В рапорте, представленном комиссии, которая была созвана генерал-губернатором для расследования событий в св. Варваре, пристав Ларионов давал понять, что, хотя неоспоримые доказательства и отсутствуют, история попахивает «иезуитской интригой», а стало быть, требуется раздвинуть рамки рутинной следственной процедуры и копать «глубже». Поэтому в помощь ему дали молодого человека из Петербурга, чья осведомленность в варшавских делах – как вскоре выяснилось – заслуживала всяческого признания. Составленный Ларионовым рапорт, о существовании которого мы узнали однажды вечером от советника Мелерса, сочли образцовым, ибо в нем разумно – таково было мнение офицеров, посетивших в декабре Варшаву, дабы основательнее изучить дело на месте, – сочетались политический такт и холодное уважение к фактам. После разговора с советником Мелерсом отец не на шутку встревожился.

«То, что произошло в костеле св. Варвары в губернском городе Варшава, – писал в своем рапорте Ларионов, – трудно посчитать случайностью, хотя на посторонний взгляд у виновника инцидента вряд ли имелись соучастники. Однако не только обстоятельства самого происшествия, но и его подспудный социальный фон заставляют подозревать, что кому-то было крайне важно бросить тень на императорские полицеские службы. У самого прелата Олендского в биографии есть недостойные страницы, так что произошедшее можно не без оснований связать с его персоной. Во время печально памятных событий польского восстания сей священнослужитель, тогда студент Варшавской главной школы[29]29
  Высшее учебное заведение университетского типа, открытое в 1862 году (с 1830 г. Варшава была лишена университета) и в 1869 году преобразованное в Императорский варшавский университет; Варшавскую главную школу закончило много выдающихся ученых и писателей.


[Закрыть]
, собирал деньги в поддержку некоего Гловацкого Александра, своего однокашника, который после усмирения бунта императорскими войсками оказался в плачевном положении, потеряв здоровье и повредившись рассудком. Вышеупомянутый Олендский собирал средства для семьи Гловацкого, недвусмысленно давая понять соотечественникам, что считает наказание, постигшее оного Гловацкого за участие в мятеже, несправедливым. Религиозные чувства, как это бывает с римскими католиками, у него всегда носили ярко выраженные черты болезненной экзальтации. Установлено, что в беседах со знакомыми Олендский цитировал Евангелие, дабы подчеркнуть “подлость”, якобы “исковеркавшую жизнь” Гловацкого.

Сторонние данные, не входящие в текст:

(* Let $C_2\xrightarrow{\partial_2}C_1\xrightarrow{\partial_1}C_0$ be a 2-crossed module with Peiffer lifting $\{-,-\}$. Let $P_3\subseteq C_1$ be the (normal) subgroup generated by all $\langle\langle x,y\rangle,z\rangle$ and $\langle x,\langle y,z\rangle\rangle$, and $P_3'\subseteq C_2$ the (normal) subgroup generated by all $\{\langle x,y\rangle,z\}$ and $\{x,\langle y,z\rangle\}$, for $x,y,z\in C_1$, where $\langle x,y\rangle={}^{\partial_1x}y\,xy^{-1}x^{-1}$. Put $M=C_1/P_3$, $L=C_2/P_3'$, $N=C_0$, with quotient maps $q_1:C_1\to M$, $q_2:C_2\to L$. Then $\partial:M\to N$, $\partial(q_1x)=\partial_1x$, and $\delta:L\to M$, $\delta(q_2 l)=q_1\partial_2 l$, are well-defined homomorphisms ($\partial_1(P_3)=1$, $\partial_2(P_3')=P_3$); with $C=(M^{cr})^{ab}$ and $x\mapsto\bar x$ the quotient $M\to C$, the formula $\omega(\overline{q_1x}\otimes\overline{q_1y})=q_2\{x,y\}$ ($x,y\in C_1$) defines a homomorphism $\omega:C\otimes C\to L$, and, with the $N$-actions induced from those of the 2-crossed module, $(\omega,\delta,\partial)$, i.e. $C\otimes C\xrightarrow{\omega}L\xrightarrow{\delta}M\xrightarrow{\partial}N$, is a quadratic module.
   Context: A 2-crossed module consists of a complex of groups $C_2\xrightarrow{\partial_2}C_1\xrightarrow{\partial_1}C_0$ ($\partial_1\partial_2=1$), actions of $C_0$ on $C_1$ and $C_2$ with $\partial_2,\partial_1$ equivariant ($C_0$ acting on itself by conjugation), and a $C_0$-equivariant function $\{-,-\}:C_1\times C_1\to C_2$ such that for $l,l'\in C_2$, $m,m',m''\in C_1$, $n\in C_0$: 2CM1 $\partial_2\{m,m'\}=({}^{\partial_1 m}m')mm'^{-1}m^{-1}$; 2CM2 $\{\partial_2 l,\partial_2 l'\}=[l',l]$; 2CM3 (i) $\{mm',m''\}={}^{\partial_1 m}\{m',m''\}\{m,m'm''m'^{-1}\}$, (ii) $\{m,m'm''\}=\{m,m'\}\,{}^{mm'm^{-1}}\{m,m''\}$ where ${}^{x}l:=\{\partial_2 l,x\}l$; 2CM4 $\{m,\partial_2 l\}\{\partial_2 l,m\}={}^{\partial_1 m}l\,l^{-1}$; 2CM5 ${}^{n}\{m,m'\}=\{{}^{n}m,{}^{n}m'\}$. A pre-crossed module is a homomorphism $\partial:M\to N$ with an $N$-action on $M$ such that $\partial({}^{n}m)=n\partial(m)n^{-1}$. Its Peiffer commutator is $\langle x,y\rangle={}^{\partial x}y\,xy^{-1}x^{-1}$; $P_2(\partial)$ is the subgroup generated by Peiffer commutators, $P_3(\partial)$ the subgroup generated by Peiffer commutators of length 3 ($\langle\langle x,y\rangle,z\rangle$, $\langle x,\langle y,z\rangle\rangle$). A nil(2)-module is a pre-crossed module with $P_3(\partial)=1$. $M^{cr}=M/P_2(\partial)$, $G^{ab}=G/[G,G]$, and $C=(M^{cr})^{ab}$; $C\otimes C$ is the tensor product of abelian groups. A quadratic module $(\omega,\delta,\partial)$ is a diagram of homomorphisms $C\otimes C\xrightarrow{\omega}L\xrightarrow{\delta}M\xrightarrow{\partial}N$ with $w:C\otimes C\to M$ such that: QM1 $\partial:M\to N$ is a nil(2)-module, $C=(M^{cr})^{ab}$, $x\mapsto\bar x$ the quotient $M\to C$, and $w(\bar x\otimes\bar y)=\langle x,y\rangle$; QM2 $\partial\delta=1$ and $\delta\omega=w$, i.e. $\delta\omega(\bar x\otimes\bar y)={}^{\partial x}y\,xy^{-1}x^{-1}$; QM3 $L$ is an $N$-group, all maps are $N$-equivariant, and ${}^{\partial x}a=\omega\big((\bar x\otimes\overline{\delta a})(\overline{\delta a}\otimes\bar x)\big)a$ for $a\in L$, $x\in M$; QM4 $\omega(\overline{\delta a}\otimes\overline{\delta b})=[b,a]$ for $a,b\in L$. *)

theory Defs
  imports "HOL-Algebra.Free_Abelian_Groups" "HOL-Algebra.Generated_Groups"
begin
lemma has_integral_abs_powr_kernel_mult_linear:
  fixes a c \<alpha> A B :: real
  assumes "a < c" "\<alpha> > 0"
  shows "((\<lambda>x. \<bar>(x - a) powr \<alpha> - (c - x) powr \<alpha>\<bar> * ((c - x) * A + (x - a) * B)) has_integral
           (A + B) * (c - a) powr (\<alpha> + 2) * (1 - 1 / 2 powr \<alpha>) / (\<alpha> + 1)) {a..c}"
proof -
  define h where "h = c - a"
  define m where "m = (a + c) / 2"
  define P where "P x = (A - B) * (c - x) powr (\<alpha> + 2) / (\<alpha> + 2) - (A - B) * (x - a) powr (\<alpha> + 2) / (\<alpha> + 2)
      + B * h * (c - x) powr (\<alpha> + 1) / (\<alpha> + 1) + A * h * (x - a) powr (\<alpha> + 1) / (\<alpha> + 1)" for x
  have hpos: "h > 0" and am: "a \<le> m" "m \<le> c" and mid: "c - m = h / 2" "m - a = h / 2"
    using assms(1) unfolding h_def m_def by (auto simp: field_simps)
  have "continuous_on {a..c} P"
    unfolding P_def using assms(2)
    by (intro continuous_on_add continuous_on_diff continuous_on_mult continuous_on_divide
        continuous_on_const continuous_on_powr_Icc) auto
  moreover have "(P has_real_derivative
      ((x - a) powr \<alpha> - (c - x) powr \<alpha>) * ((c - x) * A + (x - a) * B)) (at x)" if "x \<in> {a<..<c}" for x
    unfolding P_def h_def using that assms(2) by (intro powr_kernel_mult_linear_antiderivative) auto
  moreover have "(x - a) powr \<alpha> - (c - x) powr \<alpha> \<le> 0" if "x \<in> {a..m}" for x
    using that assms(2) unfolding m_def by (auto intro!: powr_mono2)
  moreover have "(x - a) powr \<alpha> - (c - x) powr \<alpha> \<ge> 0" if "x \<in> {m..c}" for x
    using that assms(2) unfolding m_def by (auto intro!: powr_mono2)
  ultimately have integral: "((\<lambda>x. \<bar>(x - a) powr \<alpha> - (c - x) powr \<alpha>\<bar> * ((c - x) * A + (x - a) * B))
      has_integral (P a + P c - 2 * P m)) {a..c}"
    using am by (intro has_integral_abs_mult_sign_change) auto
  define S where "S = (A + B) * h powr (\<alpha> + 2) / (\<alpha> + 1)"
  have h_powr: "h * h powr (\<alpha> + 1) = h powr (\<alpha> + 2)"
    using hpos powr_add[of h "\<alpha> + 1" 1] by (simp add: add.assoc)
  have half_powr: "h * (h / 2) powr (\<alpha> + 1) = h powr (\<alpha> + 2) / (2 * 2 powr \<alpha>)"
    using hpos by (simp add: powr_divide powr_add power2_eq_square mult_ac)
  have "P a = (A - B) * h powr (\<alpha> + 2) / (\<alpha> + 2) + B * h powr (\<alpha> + 2) / (\<alpha> + 1)"
    using assms(2) by (simp add: P_def h_def[symmetric] h_powr[symmetric] field_simps)
  moreover have "P c = - ((A - B) * h powr (\<alpha> + 2) / (\<alpha> + 2)) + A * h powr (\<alpha> + 2) / (\<alpha> + 1)"
    using assms(2) by (simp add: P_def h_def[symmetric] h_powr[symmetric] field_simps)
  ultimately have ends: "P a + P c = S"
    unfolding S_def by (simp add: add_divide_distrib distrib_right)
  have "P m = (A + B) * (h * (h / 2) powr (\<alpha> + 1)) / (\<alpha> + 1)"
    by (simp add: P_def mid add_divide_distrib algebra_simps)
  then have middle: "2 * P m = S / 2 powr \<alpha>"
    unfolding S_def half_powr by simp
  have "P a + P c - 2 * P m = S * (1 - 1 / 2 powr \<alpha>)"
    using ends middle by (simp add: right_diff_distrib)
  then show ?thesis
    using integral unfolding S_def h_def by simp
qed
lemma Ksubspace_add: "Ksubspace K V \<Longrightarrow> x \<in> V \<Longrightarrow> y \<in> V \<Longrightarrow> x + y \<in> V"
  unfolding Ksubspace_def by blast

lemma Ksubspace_diff:
  assumes "is_subfield K" "Ksubspace K V" "x \<in> V" "y \<in> V"
  shows "x - y \<in> V"
proof -
  have "- 1 \<in> K" using assms(1) unfolding is_subfield_def by simp
  then have "x + (- 1) *s y \<in> V" using assms(2-4) unfolding Ksubspace_def by blast
  then show ?thesis by simp
qed

lemma Ksubspace_sum:
  assumes "Ksubspace K V" "\<And>i. i \<in> I \<Longrightarrow> c i \<in> K" "\<And>i. i \<in> I \<Longrightarrow> v i \<in> V"
  shows "(\<Sum>i\<in>I. c i *s v i) \<in> V"
  using assms(2,3)
  by (induction I rule: infinite_finite_induct) (use assms(1) in \<open>auto simp: Ksubspace_def\<close>)

definition Kspan :: "'a::field set \<Rightarrow> ('a ^ 'k) set \<Rightarrow> ('a ^ 'k) set" where
  "Kspan K B = (\<lambda>c. \<Sum>v\<in>B. c v *s v) ` (B \<rightarrow>\<^sub>E K)"

lemma Kspan_iff: "x \<in> Kspan K B \<longleftrightarrow> (\<exists>c. (\<forall>v\<in>B. c v \<in> K) \<and> x = (\<Sum>v\<in>B. c v *s v))"
proof
  assume "x \<in> Kspan K B"
  then show "\<exists>c. (\<forall>v\<in>B. c v \<in> K) \<and> x = (\<Sum>v\<in>B. c v *s v)"
    unfolding Kspan_def by (auto simp: PiE_iff)
next
  assume "\<exists>c. (\<forall>v\<in>B. c v \<in> K) \<and> x = (\<Sum>v\<in>B. c v *s v)"
  then obtain c where c: "\<forall>v\<in>B. c v \<in> K" "x = (\<Sum>v\<in>B. c v *s v)" by blast
  then have "x = (\<Sum>v\<in>B. restrict c B v *s v)" by simp
  with c(1) show "x \<in> Kspan K B"
    unfolding Kspan_def by (intro image_eqI[where x = "restrict c B"]) auto
qed

lemma KspanI: "x = (\<Sum>v\<in>B. c v *s v) \<Longrightarrow> \<forall>v\<in>B. c v \<in> K \<Longrightarrow> x \<in> Kspan K B"
  unfolding Kspan_iff by blast

lemma Kspan_subset: "Ksubspace K X \<Longrightarrow> B \<subseteq> X \<Longrightarrow> Kspan K B \<subseteq> X"
  by (auto simp: Kspan_iff intro!: Ksubspace_sum)

lemma Kspan_superset:
  assumes "is_subfield K" "finite B"
  shows "B \<subseteq> Kspan K B"
proof
  fix v assume v: "v \<in> B"
  let ?c = "\<lambda>w. if w = v then 1 else 0"
  have "v = (\<Sum>w\<in>B. ?c w *s w)"
    using assms(2) v by (simp add: if_distrib[of "\<lambda>c. c *s _"] sum.delta cong: if_cong)
  moreover have "\<forall>w\<in>B. ?c w \<in> K"
    using assms(1) by (simp add: subfield_zero subfield_one)
  ultimately show "v \<in> Kspan K B" by (rule KspanI)
qed
lemma mode_fiber_select_slices:
  assumes "m \<noteq> n"
  shows "mode_fiber (I[n := length js]) m (select_slices n js X) j
    = mode_fiber I m X (j[n := js ! (j ! n)])"
  using assms by (simp add: mode_fiber_def select_slices_def list_update_swap)

lemma mode_fiber_expansion:
  fixes X :: "nat list \<Rightarrow> 'a :: comm_semiring_0"
  assumes n: "n < length I" and m: "m < length I" "m \<noteq> n" and i: "i \<in> tensor_indices I"
    and expansion: "\<forall>i\<in>tensor_indices I. X i = (\<Sum>s<length js. B (i ! n) s * X (i[n := js ! s]))"
  shows "mode_fiber I m X i = mat_of_cols (I ! m)
      (map (\<lambda>s. mode_fiber (I[n := length js]) m (select_slices n js X) (i[n := s])) [0..<length js])
    *\<^sub>v vec (length js) (B (i ! n))"
    (is "_ = mat_of_cols _ ?ws *\<^sub>v _")
proof (rule eq_vecI)
  fix r assume "r < dim_vec (mat_of_cols (I ! m) ?ws *\<^sub>v vec (length js) (B (i ! n)))"
  then have r: "r < I ! m" by simp
  have "length i = length I" using i by (simp add: tensor_indices_def)
  then have fiber: "mode_fiber (I[n := length js]) m (select_slices n js X) (i[n := s]) $ r
      = X (i[n := js ! s, m := r])" for s
    using r m n by (simp add: mode_fiber_def select_slices_def list_update_swap[OF \<open>m \<noteq> n\<close>])
  have "i[m := r] \<in> tensor_indices I" using i r m by (auto simp: tensor_indices_def nth_list_update)
  then have "mode_fiber I m X i $ r = (\<Sum>s<length js. B (i ! n) s * X (i[n := js ! s, m := r]))"
    using expansion r m by (simp add: mode_fiber_def list_update_swap[OF \<open>m \<noteq> n\<close>])
  also have "\<dots> = (\<Sum>s<length ?ws. vec (length js) (B (i ! n)) $ s * ?ws ! s $ r)"
    by (simp add: fiber)
  also have "\<dots> = (mat_of_cols (I ! m) ?ws *\<^sub>v vec (length js) (B (i ! n))) $ r"
    by (rule index_mat_of_cols_mult_vec[symmetric]) (use r in auto)
  finally show "mode_fiber I m X i $ r = (mat_of_cols (I ! m) ?ws *\<^sub>v vec (length js) (B (i ! n))) $ r" .
qed (simp add: mode_fiber_def)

Таким образом, статуя из города Кальвария могла быть повреждена самим этим священнослужителем с целью подогреть нездоровые чувства варшавских католиков и римский фанатизм пробудить в сердцах. Посему полицейским органам следует действовать с чрезвычайной осторожностью, ибо дело деликатное, а интрига сплетена искусно.

Физико-химическую экспертизу красной жидкости с правой кисти руки статуи, – рекомендовал Ларионов в дальнейшей части своего донесения, – проводить в настоящий момент не показано, дабы не возбуждать народ, и лучше всего убедить церковные власти распорядиться, чтобы статую из Варшавы перевезли на прежнее место, где ей будут оказываться надлежащие почести. Некая Якубовская, уборщица в костеле, якобы ставшая свидетельницей случившегося, – Ларионов не скрывал раздражения, – в показаниях сама себе противоречит и не способна вразумительно отвечать на вопросы, но за этой путаницей в бесхитростном уме, убежденном в “чуде”, без труда угадывается враждебность по отношению к законной власти и изрядная симпатия к священнослужителю, который эту женщину нанял, выплачивая ей еженедельно скромное жалованье».

Ларионов был прав: убирающаяся в костеле женщина на вопросы отвечала нескладно. То говорила, что человек, бросивший камень, долго молился у подножия алтаря, в другой раз клялась, что он лишь стоял у амвона перед тем, как поднять руку и совершить позорный поступок. Камень же, которым воспользовался преступник, не был найден. Он исчез, упорствовала женщина, что – как подчеркнул в своем рапорте Ларионов – подкрепляет предположение, будто статуя повреждена «с известной целью».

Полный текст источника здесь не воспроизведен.